Dataset items
lemma diff_in_Der: "d \<in> Der sc \<Longrightarrow> e \<in> Der sc \<Longrightarrow> (\<lambda>x. d x - e x) \<in> Der sc"
  unfolding Der_def by (auto simp: algebra_simps)

lemma fscale_in_Der: "d \<in> Der sc \<Longrightarrow> fscale sc r d \<in> Der sc"
  unfolding Der_def fscale_def
  by (auto simp: scale_right_distrib scale_mult_left[symmetric] scale_mult_right[symmetric] mult.commute)

lemma lie_br_in_Der:
  assumes "d \<in> Der sc" and "e \<in> Der sc"
  shows "lie_br d e \<in> Der sc"
  unfolding Der_def lie_br_def
  using DerD[OF assms(1)] DerD[OF assms(2)] Der_diff[OF assms(1)] Der_diff[OF assms(2)]
  by (auto simp: algebra_simps)

lemma ad_in_Der: "ad a \<in> Der sc"
  unfolding Der_def ad_def
  by (auto simp: algebra_simps scale_mult_left[symmetric] scale_mult_right[symmetric])

lemma Inn_subset_Der: "Inn \<subseteq> Der sc"
  unfolding Inn_def using ad_in_Der by auto

lemma fscale_ad: "fscale sc r (ad a) = ad (sc r a)"
  by (rule ext)
    (simp add: ad_def fscale_def scale_right_diff_distrib scale_mult_left[symmetric] scale_mult_right[symmetric])

lemma zero_in_IZ: "(\<lambda>x. 0) \<in> IZ sc"
  unfolding IZ_def using zero_in_Der center_0 by simp

lemma fadd_in_IZ: "d \<in> IZ sc \<Longrightarrow> e \<in> IZ sc \<Longrightarrow> fadd d e \<in> IZ sc"
  unfolding IZ_def using fadd_in_Der[of d e] center_add by (auto simp: fadd_def)

lemma diff_in_IZ: "d \<in> IZ sc \<Longrightarrow> e \<in> IZ sc \<Longrightarrow> (\<lambda>x. d x - e x) \<in> IZ sc"
  unfolding IZ_def using diff_in_Der[of d e] center_diff by auto

lemma fscale_in_IZ: "d \<in> IZ sc \<Longrightarrow> fscale sc r d \<in> IZ sc"
  unfolding IZ_def using fscale_in_Der[of d r] center_scale by (auto simp: fscale_def)

lemma lie_br_Der_IZ: "d \<in> Der sc \<Longrightarrow> m \<in> IZ sc \<Longrightarrow> lie_br d m \<in> IZ sc"
  unfolding IZ_def using lie_br_in_Der[of d m] center_diff Der_center[of d sc]
  by (auto simp: lie_br_def)

lemma lie_br_IZ_Der: "d \<in> Der sc \<Longrightarrow> m \<in> IZ sc \<Longrightarrow> lie_br m d \<in> IZ sc"
  unfolding IZ_def using lie_br_in_Der[of m d] center_diff Der_center[of d sc]
  by (auto simp: lie_br_def)

lemma self_in_coset: "d \<in> coset sc d"
proof -
  have "d = fadd d (\<lambda>x. 0)" by (simp add: fadd_def)
  then show ?thesis unfolding coset_def using zero_in_IZ by blast
qed
theorem lemma3:
  fixes f :: "'a::{real_inner, complete_space} \<Rightarrow> real"
    and gf :: "'a \<Rightarrow> 'a"
    and g :: "'a \<Rightarrow> ereal"
    and \<mu> L q :: real
    and x y z zbar :: "nat \<Rightarrow> 'a"
    and xs :: 'a
  assumes mu_pos: "0 < \<mu>" and mu_L: "\<mu> < L"
    and f_sc: "strongly_convex \<mu> f"
    and f_smooth: "L_smooth L f gf"
    and g_convex: "convex_fun g" and g_proper: "proper_fun g" and g_lsc: "lsc_fun g"
    and q_def: "q = \<mu> / L"
    and xs_min: "\<forall>w. ereal (f xs) + g xs \<le> ereal (f w) + g w"
    and z0: "z 0 = x 0"
    and y_def: "\<forall>k. y k = (1 - beta_seq q k) *\<^sub>R z k + beta_seq q k *\<^sub>R x k"
    and zbar_def: "\<forall>k. zbar (Suc k) = (1 - q * delta_seq q k) *\<^sub>R z k + (q * delta_seq q k) *\<^sub>R y k
                          - (delta_seq q k / L) *\<^sub>R gf (y k)"
    and z_prox: "\<forall>k. is_prox g (delta_seq q k / L) (zbar (Suc k)) (z (Suc k))"
    and x_def: "\<forall>k. x (Suc k) = y k - (1 / L) *\<^sub>R gf (y k)
                          - (1 / delta_seq q k) *\<^sub>R (zbar (Suc k) - z (Suc k))"
  shows "ereal ((L + \<mu> * Aseq q (Suc k)) * (norm (z (Suc k) - xs))\<^sup>2)
           \<le> V_seq \<mu> L f gf g y z zbar xs k"
proof -
  interpret prox_item f gf g \<mu> L q x y z zbar xs
    by (rule prox_item.intro)
      (use mu_pos mu_L f_sc f_smooth g_convex g_proper q_def xs_min y_def zbar_def z_prox x_def in auto)
  show ?thesis
    by (rule norm_z_Suc_le_V_seq)
qed

end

Assigned task ->
Each record must be reproduced exactly, with nothing missing.

Solution ->
lemma diff_in_Der: "d \<in> Der sc \<Longrightarrow> e \<in> Der sc \<Longrightarrow> (\<lambda>x. d x - e x) \<in> Der sc"
  unfolding Der_def by (auto simp: algebra_simps)

lemma fscale_in_Der: "d \<in> Der sc \<Longrightarrow> fscale sc r d \<in> Der sc"
  unfolding Der_def fscale_def
  by (auto simp: scale_right_distrib scale_mult_left[symmetric] scale_mult_right[symmetric] mult.commute)

lemma lie_br_in_Der:
  assumes "d \<in> Der sc" and "e \<in> Der sc"
  shows "lie_br d e \<in> Der sc"
  unfolding Der_def lie_br_def
  using DerD[OF assms(1)] DerD[OF assms(2)] Der_diff[OF assms(1)] Der_diff[OF assms(2)]
  by (auto simp: algebra_simps)

lemma ad_in_Der: "ad a \<in> Der sc"
  unfolding Der_def ad_def
  by (auto simp: algebra_simps scale_mult_left[symmetric] scale_mult_right[symmetric])

lemma Inn_subset_Der: "Inn \<subseteq> Der sc"
  unfolding Inn_def using ad_in_Der by auto

lemma fscale_ad: "fscale sc r (ad a) = ad (sc r a)"
  by (rule ext)
    (simp add: ad_def fscale_def scale_right_diff_distrib scale_mult_left[symmetric] scale_mult_right[symmetric])

lemma zero_in_IZ: "(\<lambda>x. 0) \<in> IZ sc"
  unfolding IZ_def using zero_in_Der center_0 by simp

lemma fadd_in_IZ: "d \<in> IZ sc \<Longrightarrow> e \<in> IZ sc \<Longrightarrow> fadd d e \<in> IZ sc"
  unfolding IZ_def using fadd_in_Der[of d e] center_add by (auto simp: fadd_def)

lemma diff_in_IZ: "d \<in> IZ sc \<Longrightarrow> e \<in> IZ sc \<Longrightarrow> (\<lambda>x. d x - e x) \<in> IZ sc"
  unfolding IZ_def using diff_in_Der[of d e] center_diff by auto

lemma fscale_in_IZ: "d \<in> IZ sc \<Longrightarrow> fscale sc r d \<in> IZ sc"
  unfolding IZ_def using fscale_in_Der[of d r] center_scale by (auto simp: fscale_def)

lemma lie_br_Der_IZ: "d \<in> Der sc \<Longrightarrow> m \<in> IZ sc \<Longrightarrow> lie_br d m \<in> IZ sc"
  unfolding IZ_def using lie_br_in_Der[of d m] center_diff Der_center[of d sc]
  by (auto simp: lie_br_def)

lemma lie_br_IZ_Der: "d \<in> Der sc \<Longrightarrow> m \<in> IZ sc \<Longrightarrow> lie_br m d \<in> IZ sc"
  unfolding IZ_def using lie_br_in_Der[of m d] center_diff Der_center[of d sc]
  by (auto simp: lie_br_def)

lemma self_in_coset: "d \<in> coset sc d"
proof -
  have "d = fadd d (\<lambda>x. 0)" by (simp add: fadd_def)
  then show ?thesis unfolding coset_def using zero_in_IZ by blast
qed
theorem lemma3:
  fixes f :: "'a::{real_inner, complete_space} \<Rightarrow> real"
    and gf :: "'a \<Rightarrow> 'a"
    and g :: "'a \<Rightarrow> ereal"
    and \<mu> L q :: real
    and x y z zbar :: "nat \<Rightarrow> 'a"
    and xs :: 'a
  assumes mu_pos: "0 < \<mu>" and mu_L: "\<mu> < L"
    and f_sc: "strongly_convex \<mu> f"
    and f_smooth: "L_smooth L f gf"
    and g_convex: "convex_fun g" and g_proper: "proper_fun g" and g_lsc: "lsc_fun g"
    and q_def: "q = \<mu> / L"
    and xs_min: "\<forall>w. ereal (f xs) + g xs \<le> ereal (f w) + g w"
    and z0: "z 0 = x 0"
    and y_def: "\<forall>k. y k = (1 - beta_seq q k) *\<^sub>R z k + beta_seq q k *\<^sub>R x k"
    and zbar_def: "\<forall>k. zbar (Suc k) = (1 - q * delta_seq q k) *\<^sub>R z k + (q * delta_seq q k) *\<^sub>R y k
                          - (delta_seq q k / L) *\<^sub>R gf (y k)"
    and z_prox: "\<forall>k. is_prox g (delta_seq q k / L) (zbar (Suc k)) (z (Suc k))"
    and x_def: "\<forall>k. x (Suc k) = y k - (1 / L) *\<^sub>R gf (y k)
                          - (1 / delta_seq q k) *\<^sub>R (zbar (Suc k) - z (Suc k))"
  shows "ereal ((L + \<mu> * Aseq q (Suc k)) * (norm (z (Suc k) - xs))\<^sup>2)
           \<le> V_seq \<mu> L f gf g y z zbar xs k"
proof -
  interpret prox_item f gf g \<mu> L q x y z zbar xs
    by (rule prox_item.intro)
      (use mu_pos mu_L f_sc f_smooth g_convex g_proper q_def xs_min y_def zbar_def z_prox x_def in auto)
  show ?thesis
    by (rule norm_z_Suc_le_V_seq)
qed

end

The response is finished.